Review: Migrations

“We are, all of us, given such a brief moment of time together, it hardly seems fair. But it’s precious, and maybe it’s enough, and maybe it’s right that our bodies dissolve into the earth, giving our energy back to it, feeding the little creatures in the ground and giving nutrients to the soil, and maybe it’s right that our consciousness rests. The thought is peaceful.”  

Charlotte McConaghy

Migrations by Charlotte McConaghy
254 pages
Genre: Fiction, environmental fiction
Published by Flatiron Books, 2020
Rating: 5 out of 5 stars 
Reviewed by Indiana 


Synopsis from the publisher:

Franny Stone has always been the kind of woman who is able to love but unable to stay. Leaving behind everything but her research gear, she arrives in Greenland with a singular purpose: to follow the last Arctic terns in the world on what might be their final migration to Antarctica. Franny talks her way onto a fishing boat, and she and the crew set sail, traveling ever further from shore and safety. But as Franny’s history begins to unspool—a passionate love affair, an absent family, a devastating crime—it becomes clear that she is chasing more than just the birds. When Franny’s dark secrets catch up with her, how much is she willing to risk for one more chance at redemption?

Epic and intimate, heartbreaking and galvanizing, Charlotte McConaghy’s Migrations is an ode to a disappearing world and a breathtaking page-turner about the possibility of hope against all odds.

Review:

This engrossing novel held so much within its relatively slim binding: adventure, tragedy, mystery, romance, and more. 

McConaghy does an excellent job of including all the necessary details; just enough so that one can see the near-future world she’s created, without overdoing it. She has also created a protagonist so layered and complex I would love to hear more of her story. 
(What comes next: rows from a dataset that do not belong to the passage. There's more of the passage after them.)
text \<open>The density of \<open>p \<circ> f\<close> on \<open>B\<close> is a.e. constant because, by the two previous lemmas,
  it satisfies the homogeneity hypothesis of \<open>AE_le_const_if_homogeneous\<close>.\<close>

lemma emeasure_Psi_const_iso_image:
  assumes f: "Psi_const_iso p X G c f B C" and B_pos: "0 < emeasure p B"
    and A: "A \<in> sets p" "A \<subseteq> B"
  shows "emeasure p (f ` A) = ennreal (measure p C / measure p B) * emeasure p A"
proof -
  have bb: "borel_bij p B C f" by (rule Psi_const_isoD(1)[OF f])
  have B: "B \<in> sets p" and fB: "f ` B = C" using bb unfolding borel_bij_def bij_betw_def by auto
  obtain g where g_meas[measurable]: "g \<in> borel_measurable p"
    and g: "\<And>E. E \<in> sets p \<Longrightarrow> (\<integral>\<^sup>+x\<in>E. g x \<partial>p) = emeasure p (f ` (E \<inter> B))"
    using exists_density_of_image[OF bb] emeasure_Psi_const_iso_image_eq_0_iff[OF f] by blast
  define k where "k = ennreal (measure p C / measure p B)"
  have "measure p B > 0" using B_pos by (simp add: emeasure_eq_measure)
  then have "k * emeasure p B = emeasure p C"
    unfolding k_def by (simp add: emeasure_eq_measure ennreal_mult''[symmetric])
  then have avg: "(\<integral>\<^sup>+x\<in>B. g x \<partial>p) = k * emeasure p B" using g[OF B] fB by simp
  have k: "k \<noteq> \<infinity>" unfolding k_def by simp
  have "AE x in p. x \<in> B \<longrightarrow> g x \<le> k"
  proof (rule AE_le_const_if_homogeneous[OF finite_measure_axioms g_meas B avg k])
    fix S T assume S: "S \<in> sets p" "T \<in> sets p" "S \<subseteq> B" "T \<subseteq> B" "0 < emeasure p S" "0 < emeasure p T"
    obtain Q P \<tau> where QP: "Q \<subseteq> S" "P \<subseteq> T" "Q \<in> sets p" "P \<in> sets p" "Psi_const_iso p X G 0 \<tau> Q P"
      "0 < emeasure p Q" "emeasure p Q = emeasure p P"
      using exists_Psi_const_iso_0_between[OF S(1,5) S(2,6)] by blast
    have "emeasure p (f ` P) = emeasure p (f ` Q)"
      by (rule emeasure_image_eq_if_Psi_const_iso_0[OF f f QP(5)]) (use QP S in auto)
    then have "(\<integral>\<^sup>+x\<in>Q. g x \<partial>p) = (\<integral>\<^sup>+x\<in>P. g x \<partial>p)"
      using g[OF QP(3)] g[OF QP(4)] QP(1,2) S(3,4) by (simp add: Int_absorb2)
    then show "\<exists>Q P. Q \<subseteq> S \<and> P \<subseteq> T \<and> Q \<in> sets p \<and> P \<in> sets p \<and> 0 < emeasure p Q \<and>
        emeasure p Q = emeasure p P \<and> (\<integral>\<^sup>+x\<in>Q. g x \<partial>p) = (\<integral>\<^sup>+x\<in>P. g x \<partial>p)"
      using QP by blast
  qed
  then have "AE x in p. x \<in> B \<longrightarrow> g x = k"
    by (rule AE_eq_const_if_AE_le_const[OF finite_measure_axioms g_meas B avg k])
  then have "(\<integral>\<^sup>+x\<in>A. g x \<partial>p) = (\<integral>\<^sup>+x\<in>A. k \<partial>p)"
    by (rule nn_integral_cong_AE[OF eventually_mono]) (use A(2) in \<open>auto split: split_indicator\<close>)
  then show ?thesis
    using g[OF A(1)] A by (simp add: Int_absorb2 nn_integral_cmult_indicator k_def)
qed

lemma emeasure_Psi_const_iso_codomain_pos:
  assumes f: "Psi_const_iso p X G c f B C" and "0 < emeasure p B"
  shows "0 < emeasure p C"
proof -
  have "B \<in> sets p" using Psi_const_isoD(1)[OF f] unfolding borel_bij_def by blast
  then show ?thesis
    using emeasure_Psi_const_iso_image_eq_0_iff[OF f _ order_refl] Psi_const_iso_image[OF f] assms(2)
    by (simp add: zero_less_iff_neq_zero)
qed

lemma ennreal_mult_emeasure_cancel:
  assumes "0 \<le> a" "0 \<le> b" "0 < emeasure p E" "ennreal a * emeasure p E = ennreal b * emeasure p E"
  shows "a = b"
proof -
  have "measure p E > 0" using assms(3) by (simp add: emeasure_eq_measure)
  moreover have "a * measure p E = b * measure p E"
    using assms(1,2,4) by (simp add: emeasure_eq_measure ennreal_mult''[symmetric])
  ultimately show ?thesis by simp
qed

text \<open>\<open>Psi_ratio c\<close> is the constant value of \<open>d(p \<circ> f)/dp\<close> shared by all partial isomorphisms
  along which the cocycle is \<open>c\<close> (\<open>Psi_ratio_eq\<close>); the homomorphism \<open>H\<close> extends its logarithm.\<close>

definition Psi_values :: "'g set" where
  "Psi_values = {c. \<exists>f B C. Psi_const_iso p X G c f B C \<and> 0 < emeasure p B}"

definition Psi_ratio :: "'g \<Rightarrow> real" where
  "Psi_ratio c = (SOME r. \<exists>f B C. Psi_const_iso p X G c f B C \<and> 0 < emeasure p B \<and> r = measure p C / measure p B)"

lemma Psi_const_iso_ratio_unique:
  assumes f1: "Psi_const_iso p X G c f1 B1 C1" "0 < emeasure p B1"
    and f2: "Psi_const_iso p X G c f2 B2 C2" "0 < emeasure p B2"
  shows "measure p C1 / measure p B1 = measure p C2 / measure p B2"
proof -
  have B1: "B1 \<in> sets p" and B2: "B2 \<in> sets p"
    using Psi_const_isoD(1)[OF f1(1)] Psi_const_isoD(1)[OF f2(1)] unfolding borel_bij_def by auto
  obtain Q P \<tau> where QP: "Q \<subseteq> B2" "P \<subseteq> B1" "Q \<in> sets p" "P \<in> sets p" "Psi_const_iso p X G 0 \<tau> Q P"
    "0 < emeasure p Q" "emeasure p Q = emeasure p P"
    using exists_Psi_const_iso_0_between[OF B2 f2(2) B1 f1(2)] by blast
  have "ennreal (measure p C1 / measure p B1) * emeasure p P = emeasure p (f1 ` P)"
    using emeasure_Psi_const_iso_image[OF f1 QP(4,2)] by simp
  also have "\<dots> = emeasure p (f2 ` Q)"
    by (rule emeasure_image_eq_if_Psi_const_iso_0[OF f1(1) f2(1) QP(5,1,2)])
  also have "\<dots> = ennreal (measure p C2 / measure p B2) * emeasure p P"
    using emeasure_Psi_const_iso_image[OF f2 QP(3,1)] QP(7) by simp
  finally show ?thesis
    using ennreal_mult_emeasure_cancel QP(6,7) by simp
qed

lemma Psi_ratio_eq:
  assumes "Psi_const_iso p X G c f B C" "0 < emeasure p B"
  shows "Psi_ratio c = measure p C / measure p B"
proof -
  have "\<exists>f B C. Psi_const_iso p X G c f B C \<and> 0 < emeasure p B \<and> Psi_ratio c = measure p C / measure p B"
    unfolding Psi_ratio_def by (rule someI_ex) (use assms in blast)
  then show ?thesis using Psi_const_iso_ratio_unique assms by metis
qed

lemma Psi_ratio_pos: "c \<in> Psi_values \<Longrightarrow> 0 < Psi_ratio c"
  unfolding Psi_values_def
  using Psi_ratio_eq emeasure_Psi_const_iso_codomain_pos by (fastforce simp: emeasure_eq_measure)

lemma Psi_values_zero: "0 \<in> Psi_values"
proof -
  have "X \<in> sets p" using sets.top[of p] by simp
  then have "Psi_const_iso p X G 0 id X X"
    by (intro Psi_const_isoI borel_bij_id) (simp_all add: tail_rel_refl Psi_def)
  then show ?thesis unfolding Psi_values_def using emeasure_space_1 by fastforce
qed

lemma Psi_values_uminus: "c \<in> Psi_values \<Longrightarrow> - c \<in> Psi_values"
  unfolding Psi_values_def using Psi_const_iso_inv emeasure_Psi_const_iso_codomain_pos by blast

lemma Psi_values_add:
  assumes "c1 \<in> Psi_values" "c2 \<in> Psi_values"
  shows "c1 + c2 \<in> Psi_values \<and> Psi_ratio (c1 + c2) = Psi_ratio c1 * Psi_ratio c2"
proof -
  obtain f1 B1 C1 f2 B2 C2 where f1: "Psi_const_iso p X G c1 f1 B1 C1" "0 < emeasure p B1"
    and f2: "Psi_const_iso p X G c2 f2 B2 C2" "0 < emeasure p B2"
    using assms unfolding Psi_values_def by blast
  have B2: "B2 \<in> sets p" and C1: "C1 \<in> sets p"
    using Psi_const_isoD(1)[OF f1(1)] Psi_const_isoD(1)[OF f2(1)] unfolding borel_bij_def by auto
  obtain Q P \<tau> where QP: "Q \<subseteq> C1" "P \<subseteq> B2" "Q \<in> sets p" "P \<in> sets p" "Psi_const_iso p X G 0 \<tau> Q P"
    "0 < emeasure p Q" "emeasure p Q = emeasure p P"
    using exists_Psi_const_iso_0_between[OF C1 emeasure_Psi_const_iso_codomain_pos[OF f1] B2 f2(2)] by blast
  define D where "D = the_inv_into B1 f1 ` Q"
  have \<psi>: "Psi_const_iso p X G (c1 + c2) (f2 \<circ> \<tau> \<circ> f1) D (f2 ` P)" and f1D: "f1 ` D = Q"
    and "D \<subseteq> B1"
    using Psi_const_iso_comp_via[OF f1(1) QP(5) f2(1) QP(1,2)] unfolding D_def by blast+
  moreover have "D \<in> sets p" using Psi_const_isoD(1)[OF \<psi>] unfolding borel_bij_def by blast
  ultimately have D: "D \<in> sets p" "D \<subseteq> B1" by blast+
  have D_pos: "0 < emeasure p D"
    using emeasure_Psi_const_iso_image_eq_0_iff[OF f1(1) D] f1D QP(6) by (simp add: zero_less_iff_neq_zero)
  have sum: "c1 + c2 \<in> Psi_values" unfolding Psi_values_def using \<psi> D_pos by blast
  have "ennreal (Psi_ratio (c1 + c2)) * emeasure p D = emeasure p (f2 ` P)"
    using emeasure_Psi_const_iso_image[OF \<psi> D_pos D(1) order_refl] Psi_ratio_eq[OF \<psi> D_pos]
      Psi_const_iso_image[OF \<psi>] by simp
  also have "\<dots> = ennreal (Psi_ratio c2) * emeasure p (f1 ` D)"
    using emeasure_Psi_const_iso_image[OF f2 QP(4,2)] Psi_ratio_eq[OF f2] f1D QP(7) by simp
  also have "emeasure p (f1 ` D) = ennreal (Psi_ratio c1) * emeasure p D"
    using emeasure_Psi_const_iso_image[OF f1 D] Psi_ratio_eq[OF f1] by simp
  also have "ennreal (Psi_ratio c2) * (ennreal (Psi_ratio c1) * emeasure p D) =
      ennreal (Psi_ratio c1 * Psi_ratio c2) * emeasure p D"
    using Psi_ratio_pos[OF assms(1)] Psi_ratio_pos[OF assms(2)] by (simp add: ennreal_mult mult_ac)
  finally have eq: "ennreal (Psi_ratio (c1 + c2)) * emeasure p D =
      ennreal (Psi_ratio c1 * Psi_ratio c2) * emeasure p D" .
  have "0 \<le> Psi_ratio (c1 + c2)" "0 \<le> Psi_ratio c1 * Psi_ratio c2"
    using Psi_ratio_pos[OF sum] Psi_ratio_pos[OF assms(1)] Psi_ratio_pos[OF assms(2)] by simp_all
  then show ?thesis using ennreal_mult_emeasure_cancel[OF _ _ D_pos eq] sum by blast
qed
While much of Franny’s experiences are beyond anything I’ve encountered, her wanderings and obsession with birds and the rapidly deteriorating wildlife populations are unexpectedly relatable. The way that McConaghy slowly unravels Franny’s past throughout the novel is incredibly well-done and surprising, even toward the latter parts of the novel where, as a reader, you think you’ve figured it all out. 

I’m already looking forward to McConaghy’s next book, called Once There Were Wolves, which it sounds like will be written in a similar vein.